The probability is the number of favorable outcomes, divided by the
total number of possible outcomes:
\[ q = \frac{\text{number of samples without first element}}{\text{total number of samples}} = \frac{ \binom{n-1}{m} }{ \binom{n}{m} } = \frac{n-m}{n} = 1 - \frac{m}{n} \]
This is the probability that a sample does not contain the first element. The probability that a sample does contain the first element, which is the probability with which the first element should be retained, is therefore:
\[ p = 1-q = \frac{m}{n} \]
This formula applies “recursively” at each step, where n
and m
always indicate the number of remaining array elements and the number
of samples still to draw. In an iterative implementation, the probability
would be $p = (m-k)/(n-i)$, where m
and n
are now kept constant, while
i
signifies the index of the current element, and k
counts the number
of elements already selected for the sample. Notice that the formula
(together with its derivation) reduces to the previous result for a
sample size of 1.
Stream Sampling
What has been common to the algorithms introduced so far is that they required the size of the input to be known ahead of time. But what if the size is unknown, or is effectively unlimited, for example when reading from a stream?

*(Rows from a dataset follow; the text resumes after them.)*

lemma cinner_scale_right: "cinner x (c *s y) = c * cinner x y"
  by (simp add: cinner_def sum_distrib_left mult_ac)

lemma cinner_sum_right: "cinner x (\<Sum>i\<in>I. f i) = (\<Sum>i\<in>I. cinner x (f i))"
  by (simp add: cinner_def sum_component sum_distrib_left sum.swap[of _ I])

lemma cinner_ctrans: "cinner (A *v x) y = cinner x (ctrans A *v y)"
proof -
  have "cinner (A *v x) y = (\<Sum>i\<in>UNIV. \<Sum>j\<in>UNIV. cnj (A $ i $ j * x $ j) * y $ i)"
    by (simp add: cinner_def matrix_vector_mult_def sum_distrib_right)
  also have "\<dots> = (\<Sum>j\<in>UNIV. \<Sum>i\<in>UNIV. cnj (A $ i $ j * x $ j) * y $ i)"
    by (rule sum.swap)
  also have "\<dots> = cinner x (ctrans A *v y)"
    by (simp add: cinner_def matrix_vector_mult_def ctrans_def sum_distrib_left mult_ac)
  finally show ?thesis .
qed

lemma inner_ctrans: "inner (A *v x) y = inner x (ctrans A *v y)"
  by (simp add: inner_eq_Re_cinner cinner_ctrans)

lemma matrix_vector_mult_scaleR_right:
  fixes A :: "'a::real_algebra_1^'n^'m"
  shows "A *v (c *\<^sub>R x) = c *\<^sub>R (A *v x)"
  using linear_iff matrix_vector_mul_linear by blast

lemma matrix_inv_right:
  assumes "invertible A"
  shows "A ** matrix_inv A = mat 1"
  using assms unfolding invertible_def matrix_inv_def by (rule someI_ex[THEN conjunct1])

lemma full_column_rank_imp_inj:
  fixes A :: "'a::field^'k^'m"
  assumes "rank A = CARD('k)" and "A *v x = 0"
  shows "x = 0"
proof -
  have "vec.dim (rows A) = vec.dim (UNIV :: ('a^'k) set)"
    using assms(1) by (metis row_rank_def_gen vec_dim_card)
  then have "vec.span (rows A) = UNIV"
    by (metis vec.dim_eq_full vec.dim_UNIV vec.dimension_def)
  then have "\<exists>B. B ** A = mat 1"
    by (simp add: matrix_left_invertible_span_rows_gen)
  with assms(2) show ?thesis
    by (simp add: matrix_left_invertible_ker)
qed
lemma card_arc_points_on_line_le:
  assumes "pg_line L"
  shows "card {P \<in> arc_points. P \<subseteq> L} \<le> 18"
proof -
  obtain n where n0: "n \<noteq> (0, 0, 0)" and Ln: "\<forall>x. x \<in> L \<longleftrightarrow> dot3 n x = 0"
    using pg_line_normal[OF assms] by blast
  obtain y where y: "gf3_val r y = n"
    using gf3_val_surj by blast
  have y0: "y \<noteq> (gf_zero, gf_zero, gf_zero)"
    using y n0 gf3_val_eq_0_iff by blast
  obtain k where k: "gf3_val r (normal_rep y) = vsc k n"
    using proj_pt_eqD[OF proj_pt_gf3_val_normal_rep[OF y0]] y by blast
  then have "k \<noteq> 0"
    using gf3_val_is_normal_rep_nonzero[OF is_normal_rep_normal_rep] by (metis vsc_zero)
  then have "\<forall>x. x \<in> L \<longleftrightarrow> dot3 (gf3_val r (normal_rep y)) x = 0"
    using Ln k by (simp add: dot3_vsc_left)
  then have "card {P \<in> arc_points. P \<subseteq> L} \<le> line_count (normal_rep y)"
    by (rule card_arc_points_on_normal_le[OF is_normal_rep_normal_rep])
  also have "\<dots> \<le> 18"
    by (rule line_count_le_18[OF is_normal_rep_normal_rep])
  finally show ?thesis .
qed

lemma card_arc_points_on_z_eq_0: "card {P \<in> arc_points. P \<subseteq> {x. snd (snd x) = 0}} = 18"
proof -
  have z: "\<forall>x. x \<in> {x :: 'a \<times> 'a \<times> 'a. snd (snd x) = 0} \<longleftrightarrow> dot3 (0, 0, 1) x = 0"
    by auto
  have "proj_pt (gf3_val r v) \<subseteq> {x. snd (snd x) = 0} \<longleftrightarrow> snd (snd v) = gf_zero" for v
    using proj_pt_subset_iff[OF z] by (cases v rule: prod_cases3) simp
  then have "{P \<in> arc_points. P \<subseteq> {x. snd (snd x) = 0}}
      = (\<lambda>v. proj_pt (gf3_val r v)) ` {v. arc_rep v \<and> snd (snd v) = gf_zero}"
    unfolding arc_points_def by blast
  also have "card \<dots> = 18"
  proof -
    have "inj_on (\<lambda>v. proj_pt (gf3_val r v)) {v. arc_rep v \<and> snd (snd v) = gf_zero}"
      by (rule inj_on_subset[OF inj_on_arc_points]) blast
    then show ?thesis
      using card_arc_rep_z_eq_0 by (simp add: card_image)
  qed
  finally show ?thesis .
qed

lemma is_arc_arc_points: "is_arc 418 18 arc_points"
  unfolding is_arc_def
proof (intro conjI)
  show "finite arc_points"
    by simp
  have "pg_point (proj_pt (gf3_val r v))" if "arc_rep v" for v
    using that by (intro pg_point_proj_pt gf3_val_is_normal_rep_nonzero arc_rep_is_normal_rep)
  then show "\<forall>P \<in> arc_points. pg_point P"
    unfolding arc_points_def by blast
  show "card arc_points = 418"
    using card_image[OF inj_on_arc_points] card_arc_rep by (simp add: arc_points_def)
  show "\<forall>L. pg_line L \<longrightarrow> card {P \<in> arc_points. P \<subseteq> L} \<le> 18"
    using card_arc_points_on_line_le by blast
  show "\<exists>L. pg_line L \<and> card {P \<in> arc_points. P \<subseteq> L} = 18"
    using pg_line_z_eq_0 card_arc_points_on_z_eq_0 by blast
qed

end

Let’s say that we want to select one item from an (in principle unlimited) stream. We have no information of the number of elements in the stream; it may in fact be quite short. Yet, we want an algorithm that is guaranteed to produce a “best guess” single-item sample from the stream at all times.
The inductive argument presented earlier carries over the present case, only that now we start counting at the beginning. We retain the first element read from the stream with probability 1: this way, we are guaranteed to have a sample. When we read the second element, we retain it with probability 1/2, and — if we retain it — use it to replace the previous sample. When the third element is read, we have seen a total of 3 elements to choose from, and hence we retain it with probability 1/3 and use it to replace whatever is the current sample. And so on.
Reservoir Sampling
Reservoir sampling is a generalization of the previous stream sampling
algorithm to samples of more than one element. A naive generalization
might look like this: fill the “reservoir” (or sample) with the first
m
elements read from the stream; then retain each newly read element
with probability 1/(i+1), and use it to replace a randomly selected item
in the reservoir. (Using a zero-based index i
to count the elements
read from the stream.) The problem with this naive algorithm is that it
requires two random numbers at each step: one to decide whether to
retain an element, the other to determine which element in the sample
to replace.
Reservoir sampling makes do with a single random number, as follows.
When reading the element with index i
, generate a random integer
r
from the range 0 <= r < i
. (In other words, if all the elements
read so far from the stream had been placed into an array, generate a
random index into that array.) If the random integer r
obeys
0 <= r < m
, that is, if r
identifies a element in the (zero-based)
reservoir, then retain the current value read from the stream and place
it into the reservoir at position r
; otherwise, do not retain the
item read from the stream.
In the same way that single-item stream sampling generalizes our original inductive argument, reservoir sampling applies the same logic to samples of multiple elements.